O Mastinho dos Pirenéus é o grande guardião branco de Aragão: um molusco de montanha criado durante séculos para andar ao lado de rebanhos trashumantes e enfrentar lobos e ursos nas alturas dos Pirenéus. É enorme – os machos superam os 77 centímetros de altura e podem pesar entre 60 e 90 kg – , mas debaixo dessa massa há um cão sereno, nobre e surpreendentemente equilibrado. Se procura um protetor tranquilo com vocação familiar, e tem espaço e paciência, o Mastinho do Pirineu é uma das joias caninas da Espanha. Aqui tens tudo o que precisas de saber antes de decidires.
É o Mastinho dos Pirenéus para ti?
Antes de se apaixonar pelas fotos, é melhor ser honesto: estamos falando de um cão que pode pesar tanto quanto uma pessoa adulta e que precisa de um ambiente específico para ser feliz. Não é um cão para qualquer casa. O Mastinho dos Pirenéus brilha no lugar certo e sofre – ele e sua família – no errado. Estas duas listas ajudam você a decidir de uma olhada.
A favor.
- Guardião natural: dissuade apenas com a sua presença, sem agressividade gratuita.
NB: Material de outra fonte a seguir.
lemma f_que_eqI:
  assumes "AE \<omega> in env M. (\<lambda>n. ln (Zpin K \<beta> h \<omega> n) / real n) \<longlonglongrightarrow> F"
  shows "f_que K M \<beta> h = F"
  unfolding f_que_def
proof (rule the_equality)
  fix F' assume "AE \<omega> in env M. (\<lambda>n. ln (Zpin K \<beta> h \<omega> n) / real n) \<longlonglongrightarrow> F'"
  with assms have "AE \<omega> in env M. F' = F" by eventually_elim (rule LIMSEQ_unique)
  then show "F' = F" by simp
qed (fact assms)

lemma f_ann_eq_lim:
  "f_ann K M \<beta> h = lim (\<lambda>n. ln (renewal_pf K (\<lambda>_. mgf \<beta> * exp (- h)) n) / real n)"
proof -
  have f: "integrable M (\<lambda>y. exp (\<beta> * y - h))"
    using integrable_exp[of \<beta>] by (simp add: exp_diff)
  have "(\<integral>y. exp (\<beta> * y - h) \<partial>M) = mgf \<beta> * exp (- h)"
    by (simp add: mgf_def exp_diff exp_minus field_simps)
  then have "(\<integral>\<omega>. Zpin K \<beta> h \<omega> n \<partial>env M) = renewal_pf K (\<lambda>_. mgf \<beta> * exp (- h)) n" if "n \<ge> 1" for n
    using expectation_renewal_pf[OF f, of K n] that by (simp add: Zpin_eq_renewal_pf)
  then have "ln (\<integral>\<omega>. Zpin K \<beta> h \<omega> n \<partial>env M) / real n
      = ln (renewal_pf K (\<lambda>_. mgf \<beta> * exp (- h)) n) / real n" for n
    by (cases "n = 0") auto
  then show ?thesis unfolding f_ann_def by presburger
qed

lemma f_que_eq_0:
  assumes K: "\<And>n. K n \<ge> 0" and K_pos: "\<forall>\<^sub>F n in sequentially. K n > 0"
    and lnK: "(\<lambda>n. ln (K n) / real n) \<longlonglongrightarrow> 0" and \<gamma>: "0 < \<gamma>" "\<gamma> \<le> 1"
    and summable: "\<And>N. (\<Sum>m<N. K (N - m) powr \<gamma>) * (exp (- (\<gamma> * h)) * mgf (\<gamma> * \<beta>)) \<le> 1"
  shows "f_que K M \<beta> h = 0"
proof -
  define f where "f y = exp (\<beta> * y - h)" for y
  let ?R = "\<lambda>\<omega>. renewal_pf K (\<lambda>m. f (\<omega> m))"
  have f_int: "integrable M f" unfolding f_def using integrable_exp[of \<beta>] by (simp add: exp_diff)
  have "f x powr \<gamma> = exp (- (\<gamma> * h)) * exp ((\<gamma> * \<beta>) * x)" for x
    unfolding f_def by (simp add: powr_def exp_add[symmetric] algebra_simps)
  then have "(\<integral>x. f x powr \<gamma> \<partial>M) = exp (- (\<gamma> * h)) * mgf (\<gamma> * \<beta>)"
    by (simp add: mgf_def)
  then have moment: "integrable (env M) (\<lambda>\<omega>. ?R \<omega> n powr \<gamma>)" "(\<integral>\<omega>. ?R \<omega> n powr \<gamma> \<partial>env M) \<le> 1" for n
    using frac_moment_renewal_pf[OF K _ f_int \<gamma>, where n=n] summable by (auto simp: f_def)
  have meas: "(\<lambda>\<omega>. ?R \<omega> n) \<in> borel_measurable (env M)" for n
    unfolding f_def using borel_measurable_env_coordinate by measurable
  have "AE \<omega> in env M. \<forall>\<delta>>0. \<forall>\<^sub>F n in sequentially. ?R \<omega> n < exp (\<delta> * real n)"
    by (rule env.AE_subexponential_of_frac_moment[where X="\<lambda>n \<omega>. ?R \<omega> n", OF meas \<gamma>(1) moment])
  then have "AE \<omega> in env M. (\<lambda>n. ln (Zpin K \<beta> h \<omega> n) / real n) \<longlonglongrightarrow> 0"
  proof eventually_elim
    case (elim \<omega>)
    have "(\<lambda>n. ln (?R \<omega> n) / real n) \<longlonglongrightarrow> 0"
    proof (rule ln_over_n_tendsto_0_squeeze)
      show "(\<lambda>n. ln (f (\<omega> 0) * K n) / real n) \<longlonglongrightarrow> 0"
        using ln_mult_over_n_tendsto_0[OF _ K_pos lnK] by (simp add: f_def)
      show "\<forall>\<^sub>F n in sequentially. 0 < f (\<omega> 0) * K n \<and> f (\<omega> 0) * K n \<le> ?R \<omega> n"
        using K_pos eventually_ge_at_top[of 1]
        by eventually_elim (use renewal_pf_ge_first[of K "\<lambda>m. f (\<omega> m)"] K in \<open>auto simp: f_def mult.commute\<close>)
    next
      show "\<forall>\<^sub>F n in sequentially. ?R \<omega> n < exp (\<delta> * real n)" if "\<delta> > 0" for \<delta>
        using elim that by blast
    qed
    moreover have "\<forall>\<^sub>F n in sequentially. ln (?R \<omega> n) / real n = ln (Zpin K \<beta> h \<omega> n) / real n"
      using eventually_ge_at_top[of 1] by eventually_elim (simp add: Zpin_eq_renewal_pf f_def)
    ultimately show ?case by (rule Lim_transform_eventually)
  qed
  then show ?thesis by (rule f_que_eqI)
qed

end

section \<open>Critical points\<close>

text \<open>The infimum of a set of reals that is not bounded below is the unspecified value
  \<open>- (LEAST z. False)\<close>; this bound covers both cases.\<close>

lemma Inf_le_max_junk:
  fixes X :: "real set"
  assumes "x \<in> X"
  shows "Inf X \<le> max x (- (LEAST z::real. False))"
proof (cases "bdd_below X")
  case True then show ?thesis using assms cInf_lower[of x X] by simp
next
  case False
  have "\<not> (\<forall>y\<in>uminus ` X. y \<le> z)" for z :: real
  proof
    assume "\<forall>y\<in>uminus ` X. y \<le> z"
    then have "bdd_below X" by (intro bdd_belowI[of X "- z"]) (simp add: minus_le_iff)
    then show False using False by simp
  qed
  then have no_upper_bound: "(\<lambda>z. \<forall>y\<in>uminus ` X. y \<le> z) = (\<lambda>z::real. False)" by (intro ext) blast
  show ?thesis unfolding Inf_real_def Sup_real_def no_upper_bound by simp
qed

locale pinning_model = disorder_law M for M :: "real measure" +
  fixes K :: "nat \<Rightarrow> real" and \<alpha> :: real
  assumes K_nonneg: "\<And>n. K n \<ge> 0" and K_sums: "K sums 1"
    and K_tail: "(\<lambda>n. ln (K n) / ln (real n)) \<longlonglongrightarrow> - (1 + \<alpha>)" and alpha_pos: "\<alpha> > 0"
begin

lemma K_summable: "summable K" and K_suminf: "suminf K = 1"
  using K_sums by (auto simp: sums_iff)

lemma K_eventually_pos: "\<forall>\<^sub>F n in sequentially. K n > 0"
  using eventually_pos_of_tail[OF K_nonneg K_tail] alpha_pos by simp

lemma ln_K_over_n: "(\<lambda>n. ln (K n) / real n) \<longlonglongrightarrow> 0"
  by (rule ln_over_n_tendsto_0_of_tail[OF K_tail])

lemma f_ann_eq_0:
  assumes "mgf \<beta> * exp (- h) \<le> 1"
  shows "f_ann K M \<beta> h = 0"
  unfolding f_ann_eq_lim
  by (intro limI renewal_pf_const_rate_zero[OF K_nonneg K_summable _ K_eventually_pos ln_K_over_n])
    (use assms mgf_pos[of \<beta>] K_suminf in auto)

lemma f_ann_pos:
  assumes "n \<ge> 1" and "mgf \<beta> * exp (- h) * K n > 1"
  shows "f_ann K M \<beta> h > 0"
proof -
  obtain L where "L > 0" "(\<lambda>n. ln (renewal_pf K (\<lambda>_. mgf \<beta> * exp (- h)) n) / real n) \<longlonglongrightarrow> L"
    using renewal_pf_const_rate_pos[OF K_nonneg K_summable _ K_eventually_pos assms] K_suminf by auto
  then show ?thesis unfolding f_ann_eq_lim by (simp add: limI)
qed

lemma hc_ann_ge:
  assumes "n \<ge> 1" and "exp (h + 1) \<le> K n * mgf \<beta>"
  shows "h + 1 \<le> hc_ann K M \<beta>"
  unfolding hc_ann_def
proof (rule cInf_greatest)
  have "mgf \<beta> * exp (- ln (mgf \<beta>)) = 1" using mgf_pos[of \<beta>] by (simp add: exp_minus)
  then show "{h. f_ann K M \<beta> h = 0} \<noteq> {}" using f_ann_eq_0[of \<beta> "ln (mgf \<beta>)"] by auto
next
  fix h' assume h': "h' \<in> {h. f_ann K M \<beta> h = 0}"
  show "h + 1 \<le> h'"
  proof (rule ccontr)
    assume "\<not> h + 1 \<le> h'"
    then have "exp h' < exp (h + 1)" by simp
    then have "exp h' < K n * mgf \<beta>" using assms(2) by linarith
    then have "mgf \<beta> * exp (- h') * K n > 1" by (simp add: exp_minus field_simps)
    then show False using f_ann_pos[OF assms(1)] h' by fastforce
  qed
qed

lemma frac_exponent_exists: "\<exists>\<gamma>. 0 < \<gamma> \<and> \<gamma> < 1 \<and> \<gamma> * (1 + \<alpha>) > 1"
  using alpha_pos by (intro exI[of _ "(1 + 1 / (1 + \<alpha>)) / 2"]) (auto simp: field_simps intro!: add_pos_pos)

context
  fixes \<gamma> :: real
  assumes \<gamma>: "0 < \<gamma>" "\<gamma> < 1" "\<gamma> * (1 + \<alpha>) > 1"
begin

lemma summable_K_powr: "summable (\<lambda>n. K n powr \<gamma>)"
  by (rule summable_powr_of_tail[OF K_nonneg K_tail \<gamma>(1,3)])

lemma suminf_K_powr_pos: "(\<Sum>n. K n powr \<gamma>) > 0"
proof -
  obtain n where "K n > 0" using K_eventually_pos unfolding eventually_sequentially by auto
  then have "0 < K n powr \<gamma>" by simp
  also have "\<dots> \<le> (\<Sum>n. K n powr \<gamma>)" using sum_le_suminf[OF summable_K_powr, of "{n}"] by simp
  finally show ?thesis .
qed

definition quenched_bound :: "real \<Rightarrow> real" where
  "quenched_bound \<beta> = ln ((\<Sum>n. K n powr \<gamma>) * mgf (\<gamma> * \<beta>)) / \<gamma>"

lemma f_que_quenched_bound: "f_que K M \<beta> (quenched_bound \<beta>) = 0"
proof (rule f_que_eq_0[OF K_nonneg K_eventually_pos ln_K_over_n \<gamma>(1) less_imp_le[OF \<gamma>(2)]])
  define S where "S = (\<Sum>n. K n powr \<gamma>)"
  have S: "S > 0" unfolding S_def by (rule suminf_K_powr_pos)
  have "exp (- (\<gamma> * quenched_bound \<beta>)) * mgf (\<gamma> * \<beta>) = 1 / S"
    using S mgf_pos[of "\<gamma> * \<beta>"] \<gamma>(1) unfolding quenched_bound_def S_def[symmetric]
    by (simp add: exp_minus field_simps)
  moreover have "(\<Sum>m<N. K (N - m) powr \<gamma>) \<le> S" for N
    unfolding S_def using summable_K_powr by (intro sum_reflect_le_suminf) auto
  ultimately show "(\<Sum>m<N. K (N - m) powr \<gamma>) * (exp (- (\<gamma> * quenched_bound \<beta>)) * mgf (\<gamma> * \<beta>)) \<le> 1" for N
    using S by (simp add: divide_le_eq)
qed

lemma exp_quenched_bound_eventually_le:
  assumes no_atom: "bdd_above (msupport M) \<Longrightarrow> measure M {Sup (msupport M)} = 0"
    and n: "K n > 0"
  shows "\<exists>B. \<forall>\<beta>\<ge>B. exp (quenched_bound \<beta> + 1) \<le> K n * mgf \<beta>"
proof -
  define S where "S = (\<Sum>n. K n powr \<gamma>)"
  have S: "S > 0" unfolding S_def by (rule suminf_K_powr_pos)
  obtain B where B: "\<And>\<beta>. \<beta> \<ge> B \<Longrightarrow> mgf (\<gamma> * \<beta>) \<le> (K n / exp 1) powr \<gamma> / S * mgf \<beta> powr \<gamma>"
    using mgf_ratio_small[OF no_atom \<gamma>(1,2), of "(K n / exp 1) powr \<gamma> / S"] S n by auto
  have "exp (quenched_bound \<beta> + 1) \<le> K n * mgf \<beta>" if "\<beta> \<ge> B" for \<beta>
  proof -
    have pos: "0 < S * mgf (\<gamma> * \<beta>)" "0 < K n * mgf \<beta> / exp 1" using S n mgf_pos by auto
    have "S * mgf (\<gamma> * \<beta>) \<le> (K n / exp 1) powr \<gamma> * mgf \<beta> powr \<gamma>"
      using B[OF that] S by (simp add: field_simps)
    also have "\<dots> = (K n * mgf \<beta> / exp 1) powr \<gamma>"
      using n mgf_pos[of \<beta>] by (subst powr_mult[symmetric]) auto
    finally have "ln (S * mgf (\<gamma> * \<beta>)) \<le> ln ((K n * mgf \<beta> / exp 1) powr \<gamma>)"
      using pos by (subst ln_le_cancel_iff) auto
    also have "\<dots> = \<gamma> * (ln (K n * mgf \<beta>) - 1)" using pos n mgf_pos[of \<beta>] by (simp add: ln_powr ln_div)
    finally have "ln (S * mgf (\<gamma> * \<beta>)) / \<gamma> \<le> ln (K n * mgf \<beta>) - 1"
      using \<gamma>(1) by (simp add: pos_divide_le_eq mult.commute)
    then have "quenched_bound \<beta> + 1 \<le> ln (K n * mgf \<beta>)"
      unfolding quenched_bound_def S_def[symmetric] by simp
    then have "exp (quenched_bound \<beta> + 1) \<le> exp (ln (K n * mgf \<beta>))" by simp
    also have "\<dots> = K n * mgf \<beta>" using n mgf_pos[of \<beta>] by simp
    finally show ?thesis .
  qed
  then show ?thesis by blast
qed

lemma quenched_bound_eventually_gt: "\<exists>B. \<forall>\<beta>\<ge>B. J < quenched_bound \<beta>"
proof -
  define S where "S = (\<Sum>n. K n powr \<gamma>)"
  have S: "S > 0" unfolding S_def by (rule suminf_K_powr_pos)
  obtain B where B: "\<And>t. t \<ge> B \<Longrightarrow> exp (\<gamma> * J) / S + 1 \<le> mgf t" using mgf_unbounded by blast
  have "J < quenched_bound \<beta>" if "\<beta> \<ge> B / \<gamma>" for \<beta>
  proof -
    have "exp (\<gamma> * J) / S < mgf (\<gamma> * \<beta>)" using B[of "\<gamma> * \<beta>"] that \<gamma>(1) by (simp add: field_simps)
    then have "exp (\<gamma> * J) < S * mgf (\<gamma> * \<beta>)" using S by (simp add: field_simps)
    then have "ln (exp (\<gamma> * J)) < ln (S * mgf (\<gamma> * \<beta>))"
      using S mgf_pos[of "\<gamma> * \<beta>"] by (intro ln_less_cancel_iff[THEN iffD2]) auto
    then have "\<gamma> * J < ln (S * mgf (\<gamma> * \<beta>))" by simp
    then show ?thesis using \<gamma>(1) unfolding quenched_bound_def S_def[symmetric] by (simp add: field_simps)
  qed
  then show ?thesis by blast
qed

end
- Temperamento nobre, calmo e equilibrado dentro de casa.
- Muito tolerante e protetor com as crianças da família.
- Barbeia pouco e seletivamente; não é um cão nervoso.
- Rústico e resistente ao frio graças à sua camada densa.
- Não precisa de exercício extenuante nem de horas de corrida.
A ter em conta
- Tamanho gigante: precisa de espaço, idealmente uma casa com terreno cercado.
- Forte instinto de guarda: é preciso socializá-lo muito bem desde o filhote.
- Independente e teimoso, não é um cão de obediência esportiva.
- Perde muito cabelo e baba; gasto em comida elevado.
- Vidas mais curtas, como quase todos os gigantes.
- Não é adequado para apartamentos pequenos nem para novos proprietários sem aconselhamento.
Caráter e temperamento

O Mastinho dos Pirineus é, antes de tudo, um cão de trabalho lento. Durante gerações, não lhe foi pedido velocidade nem obediência, mas critério: ficar sozinho com o rebanho, avaliar cada situação e decidir quando intervir.
No dia-a-dia é sereno, seguro de si mesmo e notavelmente equilibrado. Não busca conflito nem é perturbado por qualquer ruído; reserva sua energia para o que realmente considera uma ameaça. Com sua família mostra-se carinhoso, leal e protetor, e tende a vigiar os seus com mais discrição do que com medo. Não é um cão pegajoso ou dependente, mas sim muito ligado ao seu povo.
Em face de estranhos é reservado e vigilante, embora não hostil se tiver sido bem socializado. A sua forma de guardar é mais dissuasiva do que reativa: interfere, avisa e só escala se a situação o exigir. Esta nobreza – a palavra mais repetida entre os criadores – é precisamente o que o padrão da raça pede para preservar: um cão “inteligente, nobre e funcional”, nunca desajeitado ou agressivo por defeito.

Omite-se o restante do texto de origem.